- Macquarie Research initiated Roku with an outperform rating and $49 price target.
- Shares have surged more than 27% in the last month.
- HPM Partners' Jim Lebenthal tells investors to "get comfortable" with volatility.
Roku shares are up nearly 28% within the last month but Macquarie Research thinks that rally still has room to run. The firm initiated Roku with an outperform rating and a $49 price target.
"Disintermediation of television content and services leaves Roku in a position to capitalize on its role as a new-age intermediary," analyst Paul Golding wrote in a note to clients Thursday. "Roku stands to benefit from more ads thanks to connected TV viewership."
Magna, a global marketing consultant firm, expects global digital ad spend to hit ~$100B by 2019 and keep growing – a source of potential upside highlighted in Golding's analysis.

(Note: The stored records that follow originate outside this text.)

(* Let $q\ge 3$ be odd and $n\ge 1$. There exists a quasi-complementary Lee metric Gray code of $q$-ary $n$-tuples.
   Context: Lee distance between $v,u\in\mathbb{Z}_q^n$ is $\sum_{i}\min\{|v_i-u_i|,q-|v_i-u_i|\}$ (entries regarded as integers in $\{0,\ldots,q-1\}$). A quasi-complementary Lee metric Gray code of $q$-ary $n$-tuples is an ordering $G(0),\ldots,G(q^n-1)$ of all words of $\mathbb{Z}_q^n$ such that consecutive words $G(i),G(i+1)$ ($0\le i<q^n-1$) have Lee distance $1$ and $G((i+q^{n-1})\bmod q^n)=G(i)+(1,1,\ldots,1)$ for all $i$, with addition in $\mathbb{Z}_q^n$. *)

theory Defs
  imports Main
begin

definition words :: "nat \<Rightarrow> nat \<Rightarrow> (nat \<Rightarrow> nat) set" where
  "words q n = {v. (\<forall>i<n. v i < q) \<and> (\<forall>i\<ge>n. v i = 0)}"

definition lee_dist :: "nat \<Rightarrow> nat \<Rightarrow> (nat \<Rightarrow> nat) \<Rightarrow> (nat \<Rightarrow> nat) \<Rightarrow> nat" where
  "lee_dist q n v u =
     (\<Sum>i<n. let d = (if v i \<ge> u i then v i - u i else u i - v i) in min d (q - d))"

definition add_ones :: "nat \<Rightarrow> nat \<Rightarrow> (nat \<Rightarrow> nat) \<Rightarrow> (nat \<Rightarrow> nat)" where
  "add_ones q n v = (\<lambda>i. if i < n then (v i + 1) mod q else 0)"

definition quasi_compl_lee_gray_code ::
  "nat \<Rightarrow> nat \<Rightarrow> (nat \<Rightarrow> (nat \<Rightarrow> nat)) \<Rightarrow> bool" where
  "quasi_compl_lee_gray_code q n G \<longleftrightarrow>
     bij_betw G {0..<q ^ n} (words q n) \<and>
     (\<forall>i. i + 1 < q ^ n \<longrightarrow> lee_dist q n (G i) (G (i + 1)) = 1) \<and>
     (\<forall>i<q ^ n. G ((i + q ^ (n - 1)) mod q ^ n) = add_ones q n (G i))"

end

theory Submission
  imports Defs "HOL-Number_Theory.Cong"
begin

(*
  Write an index i < q^(m+1) as i = k q^m + r with r < q^m.  If V is a Lee Gray code of length m
  whose last word is its first word plus (1,...,1), then i |-> k (1,...,1) + V r, with k as the
  new last coordinate, is a Lee Gray code of length m + 1: within a block of q^m indices
  consecutive words differ as in V, and across blocks the first m coordinates agree thanks to
  the end condition on V while the last coordinate moves from k to k + 1.  Adding q^m to the
  index adds (1,...,1) to the word, which is quasi-complementarity.  For odd q, a variant of
  the reflected q-ary Gray code satisfies the end condition.
*)

lemma bij_betw_endo:
  "finite A \<Longrightarrow> inj_on f A \<Longrightarrow> f ` A \<subseteq> A \<Longrightarrow> bij_betw f A A"
  by (simp add: bij_betw_def endo_inj_surj)

lemma bij_betw_div_mod:
  assumes "0 < (N::nat)"
  shows "bij_betw (\<lambda>i. (i div N, i mod N)) {0..<q * N} ({0..<q} \<times> {0..<N})"
proof (rule bij_betw_byWitness[where f' = "\<lambda>(k, r). k * N + r"])
  have "k * N + r < q * N" if "k < q" "r < N" for k r
  proof -
    have "k * N + r < Suc k * N" using that by simp
    also have "\<dots> \<le> q * N" using that by (intro mult_le_mono1) simp
    finally show ?thesis .
  qed
  then show "(\<lambda>(k, r). k * N + r) ` ({0..<q} \<times> {0..<N}) \<subseteq> {0..<q * N}"
    by auto
qed (use assms in \<open>auto simp: less_mult_imp_div_less\<close>)

lemma bij_betw_fun_upd_words:
  "bij_betw (\<lambda>(c, v). v(m := c)) ({0..<q} \<times> words q m) (words q (Suc m))"
  by (rule bij_betw_byWitness[where f' = "\<lambda>w. (w m, w(m := 0))"])
    (auto simp: words_def less_Suc_eq)

definition lee_adjacent :: "nat \<Rightarrow> nat \<Rightarrow> (nat \<Rightarrow> nat) \<Rightarrow> (nat \<Rightarrow> nat) \<Rightarrow> bool" where
  "lee_adjacent q n v u \<longleftrightarrow> (\<exists>j<n. (\<forall>i. i \<noteq> j \<longrightarrow> v i = u i) \<and>
      (v j = Suc (u j) mod q \<or> u j = Suc (v j) mod q))"

definition add_const :: "nat \<Rightarrow> nat \<Rightarrow> nat \<Rightarrow> (nat \<Rightarrow> nat) \<Rightarrow> nat \<Rightarrow> nat" where
  "add_const q n c v = (\<lambda>i. if i < n then (v i + c) mod q else 0)"

lemma lee_adjacentI:
  "j < n \<Longrightarrow> (\<And>i. i \<noteq> j \<Longrightarrow> v i = u i) \<Longrightarrow>
    v j = Suc (u j) mod q \<or> u j = Suc (v j) mod q \<Longrightarrow> lee_adjacent q n v u"
  unfolding lee_adjacent_def by blast

lemma lee_adjacentE:
  assumes "lee_adjacent q n v u"
  obtains j where "j < n" "\<And>i. i \<noteq> j \<Longrightarrow> v i = u i"
    "v j = Suc (u j) mod q \<or> u j = Suc (v j) mod q"
  using assms unfolding lee_adjacent_def by blast

lemma lee_adjacent_sym: "lee_adjacent q n v u \<Longrightarrow> lee_adjacent q n u v"
  unfolding lee_adjacent_def by metis

lemma lee_dist_eq_1_if_lee_adjacent:
  assumes "lee_adjacent q n v u" "v \<in> words q n" "u \<in> words q n" "2 \<le> q"
  shows "lee_dist q n v u = 1"
proof -
  obtain j where j: "j < n" "\<And>i. i \<noteq> j \<Longrightarrow> v i = u i"
      "v j = Suc (u j) mod q \<or> u j = Suc (v j) mod q"
    using assms(1) by (elim lee_adjacentE) blast
  have "v j < q" "u j < q"
    using assms(2,3) \<open>j < n\<close> unfolding words_def by auto
  moreover have "Suc x mod q = (if Suc x = q then 0 else Suc x)" if "x < q" for x
    using that by (simp add: mod_Suc)
  ultimately have "(v j = Suc (u j) \<or> u j = Suc (v j)) \<or> (v j = 0 \<and> u j = q - 1) \<or> (u j = 0 \<and> v j = q - 1)"
    using j(3) by (auto split: if_splits)
  then have "(let d = if u j \<le> v j then v j - u j else u j - v j in min d (q - d)) = 1"
    using assms(4) by (auto simp: Let_def)
  then have "lee_dist q n v u = (\<Sum>i<n. if i = j then 1 else 0)"
    unfolding lee_dist_def using j(2) by (intro sum.cong) (auto simp: Let_def)
  then show ?thesis
    using \<open>j < n\<close> by simp
qed

lemma lee_adjacent_reversed:
  assumes "\<And>j. Suc j < N \<Longrightarrow> lee_adjacent q n (V j) (V (Suc j))" "Suc r < N"
  shows "lee_adjacent q n (V (N - 1 - r)) (V (N - 1 - Suc r))"
proof -
  have "N - 1 - r = Suc (N - 1 - Suc r)"
    using assms(2) by simp
  then show ?thesis
    using assms(1)[of "N - 1 - Suc r"] assms(2) by (simp add: lee_adjacent_sym)
qed

lemma lee_adjacent_fun_upd:
  assumes "lee_adjacent q m v u"
  shows "lee_adjacent q (Suc m) (v(m := c)) (u(m := c))"
proof -
  obtain j where "j < m" "\<And>i. i \<noteq> j \<Longrightarrow> v i = u i"
      "v j = Suc (u j) mod q \<or> u j = Suc (v j) mod q"
    using assms by (elim lee_adjacentE) blast
  then show ?thesis
    by (intro lee_adjacentI[of j]) auto
qed

lemma lee_adjacent_fun_upd_Suc:
  "lee_adjacent q (Suc m) (v(m := c mod q)) (v(m := Suc c mod q))"
  by (intro lee_adjacentI[of m]) (simp_all add: mod_Suc_eq)

lemma lee_adjacent_add_const:
  assumes "lee_adjacent q m v u" "m \<le> n"
  shows "lee_adjacent q n (add_const q n c v) (add_const q n c u)"
proof -
  obtain j where j: "j < m" "\<And>i. i \<noteq> j \<Longrightarrow> v i = u i"
      "v j = Suc (u j) mod q \<or> u j = Suc (v j) mod q"
    using assms(1) by (elim lee_adjacentE) blast
  then have "(v j + c) mod q = Suc ((u j + c) mod q) mod q \<or>
             (u j + c) mod q = Suc ((v j + c) mod q) mod q"
    by (auto simp: mod_simps)
  then show ?thesis
    using j assms(2) by (intro lee_adjacentI[of j]) (auto simp: add_const_def)
qed

lemma add_ones_eq_add_const: "add_ones q n = add_const q n 1"
  by (simp add: fun_eq_iff add_ones_def add_const_def)

lemma add_const_add_const: "add_const q n a (add_const q n b v) = add_const q n (a + b) v"
  by (simp add: fun_eq_iff add_const_def mod_add_left_eq add.assoc add.commute[of a b])

lemma add_const_mod: "add_const q n (c mod q) = add_const q n c"
  by (simp add: fun_eq_iff add_const_def mod_simps)

lemma add_const_Suc:
  "v \<in> words q m \<Longrightarrow> add_const q (Suc m) c v = (add_const q m c v)(m := c mod q)"
  by (simp add: fun_eq_iff add_const_def words_def less_Suc_eq)

lemma add_const_in_words: "0 < q \<Longrightarrow> add_const q n c v \<in> words q n"
  by (simp add: add_const_def words_def)

lemma inj_on_add_const: "inj_on (add_const q n c) (words q n)"
proof (rule inj_onI)
  fix v u
  assume v: "v \<in> words q n" and u: "u \<in> words q n" and eq: "add_const q n c v = add_const q n c u"
  show "v = u"
  proof
    fix i
    show "v i = u i"
    proof (cases "i < n")
      case True
      then have "[v i + c = u i + c] (mod q)"
        using fun_cong[OF eq, of i] by (simp add: add_const_def cong_def)
      then have "v i mod q = u i mod q"
        using cong_add_rcancel_nat unfolding cong_def by blast
      then show ?thesis
        using True v u by (simp add: words_def)
    next
      case False
      then show ?thesis
        using v u by (simp add: words_def)
    qed
  qed
qed

definition lee_gray_code :: "nat \<Rightarrow> nat \<Rightarrow> (nat \<Rightarrow> nat \<Rightarrow> nat) \<Rightarrow> bool" where
  "lee_gray_code q n G \<longleftrightarrow> bij_betw G {0..<q ^ n} (words q n) \<and>
     (\<forall>i. Suc i < q ^ n \<longrightarrow> lee_adjacent q n (G i) (G (Suc i)))"

definition diagonal_extension :: "nat \<Rightarrow> nat \<Rightarrow> (nat \<Rightarrow> nat \<Rightarrow> nat) \<Rightarrow> nat \<Rightarrow> nat \<Rightarrow> nat" where
  "diagonal_extension q m V i = add_const q (Suc m) (i div q ^ m) (V (i mod q ^ m))"

lemma bij_betw_diagonal_extension:
  assumes "0 < q" and V: "bij_betw V {0..<q ^ m} (words q m)"
  shows "bij_betw (diagonal_extension q m V) {0..<q ^ Suc m} (words q (Suc m))"
proof -
  let ?shift = "\<lambda>(k, v). (k, add_const q m k v)"
  have "finite (words q m)"
    using V bij_betw_finite by blast
  then have shift: "bij_betw ?shift ({0..<q} \<times> words q m) ({0..<q} \<times> words q m)"
    using inj_on_add_const add_const_in_words[OF \<open>0 < q\<close>]
    by (intro bij_betw_endo) (auto simp: inj_on_def)
  have "bij_betw (\<lambda>i. (i div q ^ m, i mod q ^ m)) {0..<q * q ^ m} ({0..<q} \<times> {0..<q ^ m})"
    using \<open>0 < q\<close> by (simp add: bij_betw_div_mod)
  from bij_betw_trans[OF bij_betw_trans[OF bij_betw_trans[OF this bij_betw_map_prod[OF bij_betw_id V]]
      shift] bij_betw_fun_upd_words]
  have "bij_betw ((\<lambda>(c, v). v(m := c)) \<circ> (?shift \<circ> (map_prod id V \<circ> (\<lambda>i. (i div q ^ m, i mod q ^ m)))))
      {0..<q * q ^ m} (words q (Suc m))" .
  moreover have "diagonal_extension q m V i =
      ((\<lambda>(c, v). v(m := c)) \<circ> (?shift \<circ> (map_prod id V \<circ> (\<lambda>i. (i div q ^ m, i mod q ^ m))))) i"
    if "i \<in> {0..<q * q ^ m}" for i
  proof -
    have "V (i mod q ^ m) \<in> words q m"
      using V \<open>0 < q\<close> bij_betw_apply by fastforce
    moreover have "i div q ^ m < q"
      using that by (simp add: less_mult_imp_div_less mult.commute)
    ultimately show ?thesis
      unfolding diagonal_extension_def by (simp add: add_const_Suc del: fun_upd_apply)
  qed
  ultimately have "bij_betw (diagonal_extension q m V) {0..<q * q ^ m} (words q (Suc m))"
    using bij_betw_cong by blast
  then show ?thesis
    by simp
qed

lemma lee_adjacent_diagonal_extension:
  assumes "0 < q" "lee_gray_code q m V" and last: "V (q ^ m - 1) = add_ones q m (V 0)"
    and "Suc i < q ^ Suc m"
  shows "lee_adjacent q (Suc m) (diagonal_extension q m V i) (diagonal_extension q m V (Suc i))"
proof -
  define N where "N = q ^ m"
  define k where "k = i div N"
  define r where "r = i mod N"
  have "0 < N"
    using \<open>0 < q\<close> by (simp add: N_def)
  then have "r < N"
    by (simp add: r_def)
  have V: "bij_betw V {0..<N} (words q m)" "\<And>j. Suc j < N \<Longrightarrow> lee_adjacent q m (V j) (V (Suc j))"
    using assms(2) by (auto simp: lee_gray_code_def N_def)
  show ?thesis
  proof (cases "Suc r < N")
    case True
    then have "Suc i div N = k" "Suc i mod N = Suc r"
      by (simp_all add: k_def r_def div_Suc mod_Suc)
    then show ?thesis
      using V(2)[OF True]
      by (simp add: diagonal_extension_def lee_adjacent_add_const flip: N_def k_def r_def)
  next
    case False
    then have "r = N - 1"
      using \<open>r < N\<close> by simp
    have "Suc i div N = Suc k" "Suc i mod N = 0"
      using False \<open>r < N\<close> by (simp_all add: k_def r_def div_Suc mod_Suc)
    moreover have "V r \<in> words q m" "V 0 \<in> words q m"
      using bij_betw_apply[OF V(1)] \<open>0 < N\<close> \<open>r < N\<close> by auto
    moreover have "add_const q m k (V r) = add_const q m (Suc k) (V 0)"
      using \<open>r = N - 1\<close> last by (simp add: N_def add_ones_eq_add_const add_const_add_const)
    ultimately show ?thesis
      using lee_adjacent_fun_upd_Suc
      by (simp add: diagonal_extension_def add_const_Suc flip: N_def k_def r_def)
  qed
qed
lemma ECset_mass_fraction_gt:
  assumes C: "community n C" and pb: "0 < pbar p n C" and D: "D \<in> ECset \<epsilon> p r rho n C"
    and "0 < \<delta>" and rho: "rho n C - 1 \<le> \<epsilon> / 2"
    and r_le: "ln (real (r n)) \<le> (1/2 - \<delta> + \<delta> * \<epsilon> / 8) * ln (real n)"
    and lnln: "ln (ln (real n)) \<le> \<delta> * \<epsilon> / 4 * ln (real n)"
  shows "\<delta> * real (r n) * pbar p n C < real (card D) * pbar p n D"
proof (rule ccontr)
  assume "\<not> ?thesis"
  then have upper: "(1 - \<epsilon> / 2) * (ln (real n * real (card D) / real (r n)^2) - bn r n)
      < (1 + rho n C) * \<delta> * (1 - \<epsilon>) * log_ratio n"
    using ECset_mass_bound[OF C pb D] \<open>0 < \<delta>\<close> by simp
  define l where "l = ln (real n)"
  have r: "1 \<le> real (r n)" "1 \<le> real n" using community_card_bounds[OF C pb] by auto
  have d1: "1 \<le> real (card D)" using ECset_card_bounds(2)[OF C D] by simp
  have l0: "0 \<le> l" using r(2) by (simp add: l_def)
  have L: "0 < log_ratio n" "log_ratio n \<le> l"
    using log_ratio_pos[OF C pb] r by (simp_all add: l_def ln_div)
  have "bn r n \<le> ln l" unfolding bn_def using ln_mono[OF L(2,1)] .
  then have bn_le: "bn r n \<le> \<delta> * \<epsilon> / 4 * l" using lnln by (simp add: l_def)
  have "l - 2 * ln (real (r n)) \<le> ln (real n * real (card D) / real (r n)^2)"
    using r d1 by (simp add: l_def ln_mult ln_div ln_realpow)
  then have lower: "\<delta> * (2 - \<epsilon> / 2) * l \<le> ln (real n * real (card D) / real (r n)^2) - bn r n"
    using r_le bn_le by (simp add: l_def algebra_simps)
  have "(1 - \<epsilon> / 2) * (2 - \<epsilon> / 2) * (\<delta> * l)
      \<le> (1 - \<epsilon> / 2) * (ln (real n * real (card D) / real (r n)^2) - bn r n)"
    using mult_left_mono[OF lower, of "1 - \<epsilon> / 2"] eps_less_1 by (simp add: mult_ac)
  also note upper
  also have "(1 + rho n C) * \<delta> * (1 - \<epsilon>) * log_ratio n \<le> (2 + \<epsilon> / 2) * (1 - \<epsilon>) * (\<delta> * l)"
  proof -
    have "(1 + rho n C) * log_ratio n \<le> (2 + \<epsilon> / 2) * l"
      using rho L rho_gt_1[OF C] by (intro mult_mono) auto
    then have "\<delta> * (1 - \<epsilon>) * ((1 + rho n C) * log_ratio n) \<le> \<delta> * (1 - \<epsilon>) * ((2 + \<epsilon> / 2) * l)"
      using \<open>0 < \<delta>\<close> eps_less_1 by (intro mult_left_mono) auto
    then show ?thesis by (simp add: mult_ac)
  qed
  also have "\<dots> \<le> (1 - \<epsilon> / 2) * (2 - \<epsilon> / 2) * (\<delta> * l)"
  proof (rule mult_right_mono)
    have "(1 - \<epsilon> / 2) * (2 - \<epsilon> / 2) - (2 + \<epsilon> / 2) * (1 - \<epsilon>) = 3 / 4 * \<epsilon>^2"
      by (simp add: power2_eq_square field_simps)
    then show "(2 + \<epsilon> / 2) * (1 - \<epsilon>) \<le> (1 - \<epsilon> / 2) * (2 - \<epsilon> / 2)"
      using zero_le_power2[of \<epsilon>] by linarith
    show "0 \<le> \<delta> * l" using \<open>0 < \<delta>\<close> l0 by simp
  qed
  finally show False by simp
qed

lemma assumption11_rho_close_to_one:
  assumes A: "assumption11 p r" and s: "0 < s" "s < 1"
  shows "eventually (\<lambda>n. \<forall>C. community n C \<longrightarrow> 0 < pbar p n C \<and> rho n C - 1 < s) sequentially"
proof -
  have iii: "\<forall>c>0. eventually (\<lambda>n. \<forall>C. community n C \<longrightarrow>
      0 < pbar p n C \<and> 1 / pbar p n C * log_ratio n \<le> c * real (r n)) sequentially"
    using A unfolding assumption11_def by blast
  have "eventually (\<lambda>n. \<forall>C. community n C \<longrightarrow>
      0 < pbar p n C \<and> 1 / pbar p n C * log_ratio n \<le> s^2 / 12 * real (r n)) sequentially"
    by (rule iii[rule_format]) (use s in simp)
  then show ?thesis
  proof eventually_elim
    case (elim n)
    show ?case
    proof (intro allI impI conjI)
      fix C
      assume C: "community n C"
      with elim have pb: "0 < pbar p n C"
        and iii: "1 / pbar p n C * log_ratio n \<le> s^2 / 12 * real (r n)" by auto
      show "0 < pbar p n C" by (rule pb)
      have r0: "0 < real (r n)" using community_card_bounds(1)[OF C pb] by simp
      have "hfun (rho n C - 1) * (pbar p n C * real (r n)) \<le> 4 * log_ratio n"
        by (rule hfun_rho_le[OF C pb])
      also have "\<dots> \<le> s^2 / 3 * (pbar p n C * real (r n))"
        using iii pb by (simp add: field_simps)
      finally have "hfun (rho n C - 1) \<le> s^2 / 3"
        using pb r0 by simp
      then show "rho n C - 1 < s"
        using less_if_hfun_le rho_gt_1[OF C] s by simp
    qed
  qed
qed

lemma ECset_ln_card_ratio_le:
  assumes C: "community n C" and pb: "0 < pbar p n C" and D: "D \<in> ECset \<epsilon> p r rho n C"
    and "0 < \<delta>" and "rho n C - 1 \<le> \<epsilon> / 2"
    and "ln (real (r n)) \<le> (1/2 - \<delta> + \<delta> * \<epsilon> / 8) * ln (real n)"
    and "ln (ln (real n)) \<le> \<delta> * \<epsilon> / 4 * ln (real n)"
    and sparse: "real (card D) < real (r n) / (real n / real (r n)) powr g \<Longrightarrow>
      real (card D) * pbar p n D / (real (card C) * pbar p n C) \<le> \<delta>"
  shows "ln (real (r n) / real (card D)) \<le> g * log_ratio n"
proof (rule ln_div_le_of_div_powr_le)
  have r: "2 \<le> r n" "r n \<le> n" using community_card_bounds[OF C pb] by auto
  then show "0 < real (r n)" "0 < real n / real (r n)" by simp_all
  show "0 < real (card D)" using ECset_card_bounds(2)[OF C D] by simp
  have "\<delta> * real (r n) * pbar p n C < real (card D) * pbar p n D"
    using ECset_mass_fraction_gt[OF C pb D] assms(4-7) by blast
  then have "\<delta> < real (card D) * pbar p n D / (real (card C) * pbar p n C)"
    using C pb r by (simp add: pos_less_divide_eq)
  then show "real (r n) / (real n / real (r n)) powr g \<le> real (card D)"
    using sparse by force
qed
theorem ipL2_cnj_H2:
  assumes "F \<in> H2" "G \<in> H2"
  shows "ipL2 F (\<lambda>z. cnj (G z)) = val0 F * val0 G"
proof -
  have GcL: "L2T (\<lambda>z. cnj (G z))" using assms(2) by (auto intro: H2_L2T)
  have "ipL2 F (\<lambda>z. cnj (G z)) = ipL2 (\<lambda>z. F z - val0 F) (\<lambda>z. cnj (G z)) + ipL2 (\<lambda>z. val0 F * 1) (\<lambda>z. cnj (G z))"
    using assms GcL by (subst ipL2_add_left[symmetric]) (auto intro: H2_L2T)
  also have "ipL2 (\<lambda>z. F z - val0 F) (\<lambda>z. cnj (G z)) = 0"
    using assms by (intro ipL2_cnj_H2_eq_0) (auto simp: val0_diff_const)
  also have "ipL2 (\<lambda>z. val0 F * 1) (\<lambda>z. cnj (G z)) = val0 F * val0 G"
    using ipL2_cmult_left[of "val0 F" "\<lambda>z. 1"] ipL2_one_left[OF GcL] fourier_coeff_cnj[of G 0]
    by (simp add: val0_def)
  finally show ?thesis by simp
qed

section \<open>Multipliers between model spaces\<close>

lemma const_in_Kmod:
  assumes "inner_fun \<theta>" "val0 \<theta> = 0"
  shows "(\<lambda>z. 1) \<in> Kmod \<theta>"
  unfolding Kmod_def
proof (intro CollectI conjI ballI H2_const)
  fix h assume h: "h \<in> H2"
  have "ipL2 (\<lambda>z. \<theta> z * h z) (\<lambda>z. 1) = ipL2 \<theta> (\<lambda>z. cnj (h z))"
    by (rule ipL2_circ_cong) simp
  also have "\<dots> = 0" using ipL2_cnj_H2[OF inner_fun_H2[OF assms(1)] h] assms(2) by simp
  finally show "ipL2 (\<lambda>z. 1) (\<lambda>z. \<theta> z * h z) = 0" by (subst ipL2_cnj) simp
qed

lemma multiplier_mult_in_Kmod: "multiplier g \<theta> \<omega> \<Longrightarrow> f \<in> Kmod \<theta> \<Longrightarrow> (\<lambda>z. g z * f z) \<in> Kmod \<omega>"
  unfolding multiplier_def by blast

lemma multiplier_in_Kmod:
  assumes "multiplier g \<theta> \<omega>" "inner_fun \<theta>" "val0 \<theta> = 0"
  shows "g \<in> Kmod \<omega>"
  using multiplier_mult_in_Kmod[OF assms(1) const_in_Kmod[OF assms(2,3)]] by simp

lemma multiplier_inner_mult_H2:
  assumes "multiplier g \<theta> \<omega>" "inner_fun \<theta>" "val0 \<theta> = 0"
  shows "(\<lambda>z. \<theta> z * g z) \<in> H2"
proof (rule H2_circ_cong)
  have "(\<lambda>z. g z * (cnj z * \<theta> z)) \<in> Kmod \<omega>"
    using multiplier_mult_in_Kmod[OF assms(1) cnj_z_mult_inner_in_Kmod[OF assms(2,3)]] .
  then show "(\<lambda>z. z * (g z * (cnj z * \<theta> z))) \<in> H2" by (intro H2_mult_z Kmod_H2)
  show "z * (g z * (cnj z * \<theta> z)) = \<theta> z * g z" if "cmod z = 1" for z
    using mult_cnj_eq_1[OF that] by (simp add: algebra_simps)
qed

"What they have here, they sell these players, these basically set-top boxes, they don't make a lot of money on that but what happens is they build their subscriber base. It gets cumulative, it's sticky, it's much higher margins...They're this close to becoming profitable," Lebenthal said.
Although he doesn't see the company getting crushed by competition anytime soon, Lebenthal is still cautious about the size of his position. "It's very volatile. You got to be comfortable with that volatility," Lebenthal said. "Don't take too much of it on but I do think this is going back to $50 easily."
It's been a wild ride for the stock. Within the last six months, Roku's share price has gone from roughly $56 in December down to $30 in April before rebounding back up to nearly $45 as of Thursday's close.
Roku finished up 3.6% on Thursday while the NASDAQ hit a new all-time intraday high at 7768.60.